=== WORK ITEM ===
Could you find every line in the entries below that holds the word "sigmaeps" and copy it?

(Stored records)

□ □ □ □ □

(* Let $\sigma_0,\sigma_\epsilon>0$, $\theta_0\in\mathbb{R}$, prior $\Theta\sim N(\theta_0,\sigma_0^2)$, signal $X=\Theta+\epsilon$ with $\epsilon\sim\mathrm{Laplace}(0,\sigma_\epsilon)$ independent of $\Theta$, and let $\theta_1(x)=\mathbb{E}[\Theta\mid X=x]$. With $a=\sqrt2\sigma_0/\sigma_\epsilon$, the DeGroot coefficient $\omega=\frac{d\theta_1}{dx}\big|_{x=\theta_0}$ is $$\omega=\frac a2\Bigl(\frac{2}{\sqrt\pi\,\operatorname{erfcx}(a/2)}-a\Bigr),$$ where $\operatorname{erfcx}(y)=e^{y^2}\bigl(1-\frac{2}{\sqrt\pi}\int_0^y e^{-t^2}dt\bigr)$.
   Context: $\mathrm{Laplace}(\mu,s)$ has density $t\mapsto\frac{1}{2s}e^{-|t-\mu|/s}$. The posterior mean is $\theta_1(x)=\frac{\int\theta f_\Theta(\theta)l_\epsilon(x-\theta)d\theta}{\int f_\Theta(\theta)l_\epsilon(x-\theta)d\theta}$. *)

theory Defs
  imports "HOL-Analysis.Analysis"
begin

definition normal_dens :: "real \<Rightarrow> real \<Rightarrow> real \<Rightarrow> real" where
  "normal_dens mu s t = exp (- ((t - mu)^2) / (2 * s^2)) / (s * sqrt (2 * pi))"

definition laplace_dens :: "real \<Rightarrow> real \<Rightarrow> real \<Rightarrow> real" where
  "laplace_dens mu s t = exp (- \<bar>t - mu\<bar> / s) / (2 * s)"

definition post_mean :: "real \<Rightarrow> real \<Rightarrow> real \<Rightarrow> real \<Rightarrow> real" where
  "post_mean theta0 sigma0 sigmaeps x =
     (LINT theta|lborel. theta * normal_dens theta0 sigma0 theta * laplace_dens 0 sigmaeps (x - theta))
   / (LINT theta|lborel. normal_dens theta0 sigma0 theta * laplace_dens 0 sigmaeps (x - theta))"

definition erfcx :: "real \<Rightarrow> real" where
  "erfcx y = exp (y^2) * (1 - 2 / sqrt pi * (LBINT t=0..y. exp (- (t^2))))"

end

theory Submission
  imports Defs "HOL-Probability.Probability"
begin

□ □ □ □ □

=== EXERCISE RESPONSE ===
  "post_mean theta0 sigma0 sigmaeps x =
     (LINT theta|lborel. theta * normal_dens theta0 sigma0 theta * laplace_dens 0 sigmaeps (x - theta))
   / (LINT theta|lborel. normal_dens theta0 sigma0 theta * laplace_dens 0 sigmaeps (x - theta))"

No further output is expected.